(* Let $p>1$, $1\le q<\infty$, $T>0$, $I=(0,T)$, $\overline{I}=[0,T]$. Let $X$ be an $\mathbb{R}$-smooth Banach space over $\mathbb{K}\in\{\mathbb{R},\mathbb{C}\}$ and $Y$ a Banach space. For every $t\in\overline{I}$ let $\mathcal{D}(A(t))\subset\mathcal{D}(B(t))\subset X$ be subspaces and let $A(t):\mathcal{D}(A(t))\to X$, $B(t):\mathcal{D}(B(t))\to Y$ be (possibly nonlinear) operators; put $\mathcal{M}(t):=\{y\in\mathcal{D}(A(t)) : B(t)(y)=0\}$. Let $w\in C(\overline{I};X)\cap C^1(I;X)$ be a solution of $$\frac{dw}{dt}=A(t)(w)\ \text{on } I,\qquad w(0)=w_0,\qquad B(t)(w(t))=0,$$ with $w(t)\in\mathcal{M}(t)$ for $t\in I$. Let $w_\theta\in C(\overline{I};X)\cap C^1(I;X)$ with $w_\theta(t)\in\mathcal{D}(A(t))$, and define the residuals $$\mathcal{R}_{eq}(t)=\frac{dw_\theta}{dt}(t)-A(t)(w_\theta(t)),\quad \mathcal{R}_{in}=w_\theta(0)-w_0,\quad \mathcal{R}_{bn}(t)=B(t)(w_\theta(t)),$$ and the total error $\mathcal{E}:=\|w_\theta-w\|^q_{L^q(I;X)}$. Assume that for every $t\in\overline{I}$: $-A(t)$ is $(p,\psi(t))$-submonotone on $\mathcal{M}(t)$ with some function $\Lambda(t,\cdot,\cdot)\ge 0$, and $\psi(t)$ is subordinate to $B(t)$ on $\mathcal{M}(t)$ with some function $\gamma(t,\cdot,\cdot)\ge0$ and a function $\rho\in C(Y;\mathbb{R}^+)$ that does not depend on $t$. Assume moreover that $t\mapsto\gamma(t,w_\theta(t),w(t))$ belongs to $C(\overline{I})$ and $t\mapsto\Lambda(t,w_\theta(t),w(t))$ belongs to $L^1(I)$. Then $$\mathcal{E}\le \mathcal{C}^{\frac{q}{p}}\left(\frac{p\left(e^{\frac{q(p-1)T}{p}}-1\right)}{q(p-1)}\right)e^{q\|\Lambda(\cdot,w_\theta(\cdot),w(\cdot))\|_{L^1(I)}},$$ where $$\mathcal{C}=\|\mathcal{R}_{eq}\|^p_{L^p(I;X)}+\|\mathcal{R}_{in}\|^p+p\,\|\gamma(\cdot,w_\theta(\cdot),w(\cdot))\|_{C(\overline{I})}\,\|\rho(\mathcal{R}_{bn})\|_{L^1(I)},$$ and $\rho(\mathcal{R}_{bn})$ denotes the function $t\mapsto\rho(\mathcal{R}_{bn}(t))$.
   Context: Gateaux $\mathbb{R}$-derivative: for $\varphi:X\to\mathbb{R}$, $D(\varphi)(y;\chi):=\lim_{\mathbb{R}\ni s\to0}\frac{\varphi(y+s\chi)-\varphi(y)}{s}$ when the limit exists. A Banach space $X$ is $\mathbb{R}$-smooth if $D(\|\cdot\|)(y;\chi)$ exists for every $y$ with $\|y\|=1$ and every $\chi\in X$ (hence, by homogeneity, for every $y\neq0$). The real $p$-form ($p>1$) is $\langle y_1,y_2\rangle_p:=\|y_2\|^{p-1}D(\|\cdot\|)(y_2;y_1)$ for $y_2\ne0$ and $\langle y_1,0\rangle_p:=0$; equivalently $\langle y_1,y_2\rangle_p=\|y_2\|^{p-2}\mathrm{Re}[y_1,y_2]$ with the semi-inner product $[\chi,y]=\|y\|\big(D(\|\cdot\|)(y;\chi)-iD(\|\cdot\|)(y;i\chi)\big)$. $(p,\psi)$-submonotone: for an operator $A:\mathcal{D}(A)\to X$, a subspace $\mathcal{M}\subset\mathcal{D}(A)$ and $\psi:\mathcal{D}(A)\times\mathcal{M}\to\mathbb{R}$, $-A$ is $(p,\psi)$-submonotone on $\mathcal{M}$ if $\langle A(\chi)-A(y),\chi-y\rangle_p\le\psi(\chi,y)+\Lambda(\chi,y)\|\chi-y\|^p$ for all $\chi\in\mathcal{D}(A)$, $y\in\mathcal{M}$, for some $\Lambda(\chi,y)\ge0$. Subordinate: for $\mathcal{M}\subset\mathcal{D}_\psi\subset\mathcal{D}(B)$, $B:\mathcal{D}(B)\to Y$ and $\psi:\mathcal{D}_\psi\times\mathcal{M}\to\mathbb{R}$, $\psi$ is subordinate to $B$ on $\mathcal{M}$ if there is $\rho\in C(Y;\mathbb{R}^+)$ with $\rho(\xi)\to0$ as $\xi\to0$ and $|\psi(\chi,y)|\le\gamma(\chi,y)\rho(B(\chi)-B(y))$ for all $\chi\in\mathcal{D}_\psi$, $y\in\mathcal{M}$, for some $\gamma(\chi,y)\ge0$. (Here $\mathcal{D}_\psi=\mathcal{D}(A(t))$.) $L^q(I;X)$ denotes the Bochner space. *)

theory Defs
  imports "HOL-Analysis.Analysis"
begin

definition norm_dq :: "'a::real_normed_vector \<Rightarrow> 'a \<Rightarrow> real \<Rightarrow> real" where
  "norm_dq y chi s = (norm (y + s *\<^sub>R chi) - norm y) / s"

definition gateaux_norm :: "'a::real_normed_vector \<Rightarrow> 'a \<Rightarrow> real" where
  "gateaux_norm y chi = Lim (at 0) (norm_dq y chi)"

definition R_smooth :: "'a::real_normed_vector itself \<Rightarrow> bool" where
  "R_smooth _ \<longleftrightarrow> (\<forall>(y::'a) chi. norm y = 1 \<longrightarrow> (\<exists>d. (norm_dq y chi \<longlongrightarrow> d) (at 0)))"

definition p_form :: "real \<Rightarrow> 'a::real_normed_vector \<Rightarrow> 'a \<Rightarrow> real" where
  "p_form p y1 y2 = (if y2 = 0 then 0 else norm y2 powr (p - 1) * gateaux_norm y2 y1)"

definition p_psi_submonotone ::
  "real \<Rightarrow> ('a::real_normed_vector \<Rightarrow> 'a) \<Rightarrow> 'a set \<Rightarrow> 'a set \<Rightarrow> ('a \<Rightarrow> 'a \<Rightarrow> real)
     \<Rightarrow> ('a \<Rightarrow> 'a \<Rightarrow> real) \<Rightarrow> bool" where
  "p_psi_submonotone p A DA M psi Lam \<longleftrightarrow>
     M \<subseteq> DA \<and>
     (\<forall>chi\<in>DA. \<forall>y\<in>M. Lam chi y \<ge> 0 \<and>
        p_form p (A chi - A y) (chi - y) \<le> psi chi y + Lam chi y * norm (chi - y) powr p)"

definition subordinate ::
  "('a \<Rightarrow> 'a \<Rightarrow> real) \<Rightarrow> ('a \<Rightarrow> 'b::real_normed_vector) \<Rightarrow> 'a set \<Rightarrow> 'a set
     \<Rightarrow> ('a \<Rightarrow> 'a \<Rightarrow> real) \<Rightarrow> ('b \<Rightarrow> real) \<Rightarrow> bool" where
  "subordinate psi B Dpsi M gam rho \<longleftrightarrow>
     continuous_on UNIV rho \<and> (\<forall>xi. rho xi \<ge> 0) \<and> (rho \<longlongrightarrow> 0) (at 0) \<and>
     (\<forall>chi\<in>Dpsi. \<forall>y\<in>M. gam chi y \<ge> 0 \<and> \<bar>psi chi y\<bar> \<le> gam chi y * rho (B chi - B y))"

definition enn_powr :: "ennreal \<Rightarrow> real \<Rightarrow> ennreal" where
  "enn_powr x a = (if x = top then top else ennreal (enn2real x powr a))"

end

theory Submission
  imports Defs
begin

text \<open>Let \<open>e = w\<^sub>\<theta> - w\<close>. Since the norm of an \<open>\<real>\<close>-smooth space is Gateaux differentiable and
  sublinear in the direction, \<open>g = \<parallel>e\<parallel>\<^sup>p\<close> has derivative \<open>p \<langle>e', e\<rangle>\<^sub>p\<close>, and splitting
  \<open>e' = \<R>\<^sub>e\<^sub>q + (A w\<^sub>\<theta> - A w)\<close> gives, by Young's inequality for the first part and submonotonicity
  plus subordination (using \<open>B w = 0\<close>) for the second,
  \<open>g' \<le> \<parallel>\<R>\<^sub>e\<^sub>q\<parallel>\<^sup>p + p \<parallel>\<gamma>\<parallel>\<^sub>\<infinity> \<rho>(\<R>\<^sub>b\<^sub>n) + (p - 1 + p \<bar>\<Lambda>\<bar>) g\<close>.
  Gronwall's inequality with the merely integrable coefficient \<open>\<bar>\<Lambda>\<bar>\<close> bounds \<open>g t\<close> by
  \<open>\<C> exp ((p - 1) t + p \<parallel>\<Lambda>\<parallel>\<^sub>1)\<close>; raising this to the power \<open>q / p\<close> and integrating
  \<open>exp (q (p - 1) t / p)\<close> over \<open>(0, T)\<close> yields the estimate.\<close>

lemma norm_dq_rescale:
  fixes y chi :: "'a::real_normed_vector"
  assumes "y \<noteq> 0"
  shows "norm_dq y chi s = norm_dq (y /\<^sub>R norm y) chi (s / norm y)"
proof -
  have n: "norm y > 0" using assms by simp
  have "y + s *\<^sub>R chi = norm y *\<^sub>R (y /\<^sub>R norm y + (s / norm y) *\<^sub>R chi)"
    using n by (simp add: scaleR_add_right)
  then have "norm (y + s *\<^sub>R chi) = norm y * norm (y /\<^sub>R norm y + (s / norm y) *\<^sub>R chi)"
    using n by (metis abs_of_pos norm_scaleR)
  moreover have "norm (y /\<^sub>R norm y) = 1"
    using n by simp
  ultimately show ?thesis
    unfolding norm_dq_def using n by (simp add: algebra_simps)
qed

lemma gateaux_norm_tendsto:
  fixes y chi :: "'a::real_normed_vector"
  assumes smooth: "R_smooth TYPE('a)" and y: "y \<noteq> 0"
  shows "(norm_dq y chi \<longlongrightarrow> gateaux_norm y chi) (at 0)"
proof -
  have "norm (y /\<^sub>R norm y) = 1" using y by simp
  then obtain d where d: "(norm_dq (y /\<^sub>R norm y) chi \<longlongrightarrow> d) (at 0)"
    using smooth unfolding R_smooth_def by blast
  have "filterlim (\<lambda>s. s / norm y) (at 0) (at 0)"
    using y by (intro filterlim_atI) (auto intro!: tendsto_eq_intros simp: eventually_at_filter)
  moreover have "norm_dq y chi = (\<lambda>s. norm_dq (y /\<^sub>R norm y) chi (s / norm y))"
    using norm_dq_rescale[OF y] by (rule ext)
  ultimately have "(norm_dq y chi \<longlongrightarrow> d) (at 0)"
    using filterlim_compose[OF d] by simp
  then show ?thesis
    unfolding gateaux_norm_def by (simp add: tendsto_Lim)
qed

lemma norm_dq_abs_le:
  fixes y chi :: "'a::real_normed_vector"
  assumes "s \<noteq> 0"
  shows "\<bar>norm_dq y chi s\<bar> \<le> norm chi"
proof -
  have "\<bar>norm (y + s *\<^sub>R chi) - norm y\<bar> \<le> \<bar>s\<bar> * norm chi"
    by (metis add_diff_cancel_left' norm_scaleR norm_triangle_ineq3)
  then show ?thesis
    unfolding norm_dq_def using assms by (simp add: abs_divide divide_le_eq mult.commute)
qed

lemma gateaux_norm_le_norm:
  fixes y chi :: "'a::real_normed_vector"
  assumes "R_smooth TYPE('a)" and "y \<noteq> 0"
  shows "gateaux_norm y chi \<le> norm chi"
  by (rule tendsto_upperbound[OF gateaux_norm_tendsto[OF assms]])
     (auto simp: eventually_at_filter intro!: always_eventually norm_dq_abs_le[THEN abs_le_D1])

lemma norm_dq_add_le:
  fixes y a b :: "'a::real_normed_vector"
  assumes s: "s > 0"
  shows "norm_dq y (a + b) s \<le> norm_dq y a (2 * s) + norm_dq y b (2 * s)"
proof -
  have midpoint: "y + s *\<^sub>R (a + b) = (1/2) *\<^sub>R (y + (2 * s) *\<^sub>R a) + (1/2) *\<^sub>R (y + (2 * s) *\<^sub>R b)"
    by (simp add: algebra_simps scaleR_add_right flip: scaleR_add_left)
  have "norm (y + s *\<^sub>R (a + b))
      \<le> norm ((1/2) *\<^sub>R (y + (2 * s) *\<^sub>R a)) + norm ((1/2) *\<^sub>R (y + (2 * s) *\<^sub>R b))"
    unfolding midpoint by (rule norm_triangle_ineq)
  then have "2 * (norm (y + s *\<^sub>R (a + b)) - norm y)
      \<le> (norm (y + (2 * s) *\<^sub>R a) - norm y) + (norm (y + (2 * s) *\<^sub>R b) - norm y)"
    by simp
  then have "2 * (norm (y + s *\<^sub>R (a + b)) - norm y) / (2 * s)
      \<le> ((norm (y + (2 * s) *\<^sub>R a) - norm y) + (norm (y + (2 * s) *\<^sub>R b) - norm y)) / (2 * s)"
    using s by (simp add: divide_right_mono)
  moreover have "(norm (y + s *\<^sub>R (a + b)) - norm y) / s
      = 2 * (norm (y + s *\<^sub>R (a + b)) - norm y) / (2 * s)"
    by (rule mult_divide_mult_cancel_left[symmetric]) simp
  ultimately show ?thesis
    unfolding norm_dq_def add_divide_distrib by linarith
qed

lemma gateaux_norm_add_le:
  fixes y a b :: "'a::real_normed_vector"
  assumes smooth: "R_smooth TYPE('a)" and y: "y \<noteq> 0"
  shows "gateaux_norm y (a + b) \<le> gateaux_norm y a + gateaux_norm y b"
proof -
  have "filterlim (\<lambda>s. 2 * s) (at 0) (at_right (0::real))"
    by (intro filterlim_atI) (auto intro!: tendsto_eq_intros simp: eventually_at_filter)
  from filterlim_compose[OF gateaux_norm_tendsto[OF smooth y] this]
  have double: "\<And>c. ((\<lambda>s. norm_dq y c (2 * s)) \<longlongrightarrow> gateaux_norm y c) (at_right 0)" .
  have single: "\<And>c. (norm_dq y c \<longlongrightarrow> gateaux_norm y c) (at_right 0)"
    using gateaux_norm_tendsto[OF smooth y] by (rule tendsto_within_subset) simp
  show ?thesis
    by (rule tendsto_le[OF _ tendsto_add[OF double double] single])
       (auto simp: eventually_at_filter intro!: norm_dq_add_le always_eventually)
qed

lemma p_form_add_le:
  fixes a b y :: "'a::real_normed_vector"
  assumes "R_smooth TYPE('a)"
  shows "p_form p (a + b) y \<le> norm y powr (p - 1) * norm a + p_form p b y"
proof (cases "y = 0")
  case False
  have "gateaux_norm y (a + b) \<le> norm a + gateaux_norm y b"
    using gateaux_norm_add_le[OF assms False, of a b] gateaux_norm_le_norm[OF assms False, of a]
    by linarith
  then show ?thesis
    unfolding p_form_def using False by (simp add: mult_left_mono flip: distrib_left)
qed (simp add: p_form_def)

== Task requirements ==
Extract from the data every line where "this" shows up.

== Worked solution ==
  \<open>\<C> exp ((p - 1) t + p \<parallel>\<Lambda>\<parallel>\<^sub>1)\<close>; raising this to the power \<open>q / p\<close> and integrating
  from filterlim_compose[OF gateaux_norm_tendsto[OF smooth y] this]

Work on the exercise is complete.